The receptacle housing 158 is manufactured from a dielectric
material, such as a plastic material, and provides isolation for
the receptacle signal contacts 162 and the header signal contacts
120 from the header ground shields 122. In the illustrated
embodiment, the ground contact openings 302 are C-shaped to receive
the C-shaped header ground shields 122. Other shapes are possible
in alternative embodiments, such as when other shaped header ground
shields 122 are used.
The contact module 160 includes a tray 310, which in the
illustrated embodiment includes a first holder member 312 and a
second holder member 314 that are coupled together to form the tray
310. The tray 310 has a mating end 316 and a mounting end 318. The
tray 310 defines the exterior shell of the contact module 160. The
tray 310 includes a cavity 328 defined by and/or between the first
and second holder members 312, 314. The tray 310 is used to hold
the receptacle signal contacts 162 as well as ground inlays 350,
352 that provide electrical shielding for the receptacle signal
contacts 162. The ground inlays 350, 352 are received in the cavity
328 to provide shielding for the receptacle signal contacts
162.
The holder members 312, 314 are fabricated from a dielectric
material, such as a plastic material. For example, the holder
members 312, 314 may be injection molded from a plastic material.

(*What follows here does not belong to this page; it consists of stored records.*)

text \<open>A continuous strictly increasing h on [0,oo) tending to infinity attains every value above
  h(0); hence the inverse used in psi is a genuine right inverse there.\<close>
lemma inv_into_increasing_hazard:
  fixes h :: "real \<Rightarrow> real"
  assumes cont: "continuous_on {0..} h" and lim: "filterlim h at_top at_top" and y: "h 0 \<le> y"
  shows "inv_into {0..} h y \<ge> 0 \<and> h (inv_into {0..} h y) = y"
proof -
  obtain N where N: "\<And>x. x \<ge> N \<Longrightarrow> h x \<ge> y"
    using lim unfolding filterlim_at_top eventually_at_top_linorder by blast
  have "\<exists>x\<ge>0. x \<le> max N 0 \<and> h x = y"
    using IVT'[of h 0 y "max N 0"] y N[of "max N 0"] continuous_on_subset[OF cont, of "{0..max N 0}"]
    by auto
  then have y: "y \<in> h ` {0..}" by auto
  then have "inv_into {0..} h y \<in> {0..}" by (rule inv_into_into)
  with y show ?thesis by (auto intro: f_inv_into_f)
qed

lemma psi_fun_beyond:
  fixes h :: "real \<Rightarrow> real"
  assumes cont: "continuous_on {0..} h" and mono: "strict_mono_on {0..} h"
    and lim: "filterlim h at_top at_top" and u0: "u0 \<ge> 0"
    and large: "h u0 < 4 / b * ln s"
  shows "u0 < psi_fun h b s \<and> h (psi_fun h b s) = 4 / b * ln s"
proof -
  have "h 0 \<le> h u0" using strict_mono_on_leD[OF mono, of 0 u0] u0 by simp
  then have p: "psi_fun h b s \<ge> 0 \<and> h (psi_fun h b s) = 4 / b * ln s"
    unfolding psi_fun_def using inv_into_increasing_hazard[OF cont lim] large by simp
  have "u0 < psi_fun h b s"
  proof (rule ccontr)
    assume "\<not> u0 < psi_fun h b s"
    then have "h (psi_fun h b s) \<le> h u0"
      using strict_mono_on_leD[OF mono, of "psi_fun h b s" u0] p by simp
    with p large show False by simp
  qed
  with p show ?thesis by simp
qed

lemma eventually_large_index:
  fixes c b :: real assumes b: "b > 0"
  shows "eventually (\<lambda>k::nat. 64 \<le> k \<and> c < 4 / b * ln (real k)) sequentially"
proof -
  have "filterlim (\<lambda>k::nat. ln (real k)) at_top sequentially"
    by (rule filterlim_compose[OF ln_at_top filterlim_real_sequentially])
  then have "eventually (\<lambda>k::nat. b * c / 4 < ln (real k)) sequentially"
    unfolding filterlim_at_top_dense by (rule spec)
  moreover have "b * c / 4 < ln (real k) \<longleftrightarrow> c < 4 / b * ln (real k)" for k
    using b by (simp add: field_simps)
  ultimately have "eventually (\<lambda>k::nat. c < 4 / b * ln (real k)) sequentially" by simp
  then show ?thesis by (rule eventually_conj[OF eventually_ge_at_top])
qed

lemma a_seq_ge_half:
  fixes k :: nat assumes "k \<ge> 64" shows "a_seq k \<ge> 1/2"
proof -
  have k: "real k \<ge> 64" using assms by simp
  have s8: "sqrt (real k) \<ge> 8" using real_sqrt_le_mono[OF k] by simp
  have "ln (real k) = 2 * ln (sqrt (real k))" using k by (simp add: ln_sqrt)
  also have "\<dots> \<le> 2 * sqrt (real k)" using ln_le_minus_one[of "sqrt (real k)"] k by simp
  also have "\<dots> \<le> sqrt (real k) * sqrt (real k) / 4" using mult_right_mono[OF s8, of "sqrt (real k)"] by simp
  also have "\<dots> = real k / 4" using k by simp
  finally have "2 * ln (real k) / real k \<le> 1/2" using k by (simp add: divide_simps)
  then show ?thesis unfolding a_seq_def by linarith
qed

lemma hazard_tail_shift:
  fixes h :: "real \<Rightarrow> real"
  assumes cont: "continuous_on {0..} h" and mono: "strict_mono_on {0..} h"
    and p: "0 \<le> p" "p \<le> t" "h p = 4 / b * ln s"
    and s: "1 \<le> s" and b: "b > 0" and a: "a \<ge> 1/2"
  shows "exp (- integral {0..t + b * a} h) \<le> exp (- integral {0..t} h) / s^2"
proof -
  have ba: "b * a \<ge> 0" using a b by simp
  have "h p \<le> h t" using strict_mono_on_leD[OF mono, of p t] p by simp
  then have "b * a * (4 / b * ln s) \<le> b * a * h t" using p ba by (intro mult_left_mono) auto
  moreover have "2 * ln s \<le> b * a * (4 / b * ln s)"
    using b a s mult_right_mono[of 2 "4*a" "ln s"] by simp
  ultimately have "integral {0..t} h + 2 * ln s \<le> integral {0..t + b * a} h"
    using integral_increment_lower[OF cont mono, of t "b * a"] p ba by linarith
  then have "exp (- integral {0..t + b * a} h) \<le> exp (- integral {0..t} h - real 2 * ln s)" by simp
  also have "\<dots> = exp (- integral {0..t} h) / s^2"
    using s by (simp only: exp_diff exp_of_nat_mult) simp
  finally show ?thesis .
qed

lemma (in prob_space) numerator_bound:
  fixes X :: "nat \<Rightarrow> 'a \<Rightarrow> real" and h :: "real \<Rightarrow> real"
  assumes meas: "\<And>i. X i \<in> borel_measurable M"
    and indep: "indep_vars (\<lambda>_. borel) X UNIV"
    and tail: "\<And>t. t > u0 \<Longrightarrow> prob {\<omega>\<in>space M. X (k-1) \<omega> > t} = exp (- integral {0..t} h)"
    and u0: "u0 \<ge> 0" and cont: "continuous_on {0..} h" and mono: "strict_mono_on {0..} h"
    and lim: "filterlim h at_top at_top" and b: "b > 0"
    and k: "k \<ge> 64" and large: "h u0 < 4 / b * ln (real k)"
  shows "prob {\<omega>\<in>space M. (\<Sum>i<k. X i \<omega>) > u + b * a_seq k \<and> (\<Sum>i<k-1. X i \<omega>) \<le> g_fun h b k u}
         \<le> 1 / (real k)^2 * prob {\<omega>\<in>space M. (\<Sum>i<k. X i \<omega>) > u}"
proof -
  define p where "p = psi_fun h b (real k)"
  have p: "u0 < p" "h p = 4 / b * ln (real k)"
    using psi_fun_beyond[OF cont mono lim u0 large] unfolding p_def by auto
  have "prob {\<omega>\<in>space M. X (k-1) \<omega> > u + b * a_seq k - s}
      \<le> 1 / (real k)^2 * prob {\<omega>\<in>space M. X (k-1) \<omega> > u - s}" if "s \<le> u - p" for s
  proof -
    have t: "u0 < u - s" using that p by simp
    have "0 \<le> b * a_seq k" using a_seq_ge_half[OF k] b by simp
    then have "prob {\<omega>\<in>space M. X (k-1) \<omega> > u + b * a_seq k - s}
        = exp (- integral {0..(u - s) + b * a_seq k} h)"
      using tail[of "u - s + b * a_seq k"] t by (simp add: algebra_simps)
    also have "\<dots> \<le> exp (- integral {0..u - s} h) / (real k)^2"
      using k that p u0 by (intro hazard_tail_shift[OF cont mono _ _ p(2) _ b a_seq_ge_half[OF k]]) auto
    also have "\<dots> = 1 / (real k)^2 * prob {\<omega>\<in>space M. X (k-1) \<omega> > u - s}"
      using tail[OF t] by simp
    finally show ?thesis .
  qed
  then show ?thesis
    unfolding g_fun_def p_def[symmetric]
    by (intro partial_sum_tail_compare[OF meas indep]) (use k in auto)
qed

In alternative embodiments, the holder members 312, 314 may be
conductive, such as being die cast from a metal material,
metallized plastic components, stamped and formed components and
the like. By having the holder members 312, 314 fabricated from a
conductive material, the holder members 312, 314 may provide
electrical shielding for the second receptacle assembly 152.
However, manufacturing from a dielectric material provides a lower
cost holder for the components of the contact module 160, while the
use of the ground inlays 350, 352 still provides electrical
shielding for the receptacle signal contacts 162.
FIG. 5 is an exploded view of the contact module 160. The tray 310
holds a frame assembly 320, which includes the receptacle signal
contacts 162. In the illustrated embodiment, the frame assembly 320
includes a first frame 330 and a second frame 332 that are
configured to be internested. The first and second frames 330, 332
surround corresponding receptacle signal contacts 162. The first
and second frames 330, 332 define a dielectric body that holds the
receptacle signal contacts 162. Optionally, the first frame 330 may
be manufactured from a dielectric material overmolded over the
corresponding receptacle signal contacts 162. The second frame 332
may be manufactured from a dielectric material overmolded over the
corresponding receptacle signal contacts 162. Manufacturing
processes other than overmolding leadframes may be utilized to form
the dielectric frames 330, 332. The first and second frames 330,
332 are coupled together to form the frame assembly 320. The frame
assembly 320 is then loaded into the tray 310 and held by the tray
310. Alternatively, the frame assembly 320 may include a single
dielectric frame overmolded over a single leadframe.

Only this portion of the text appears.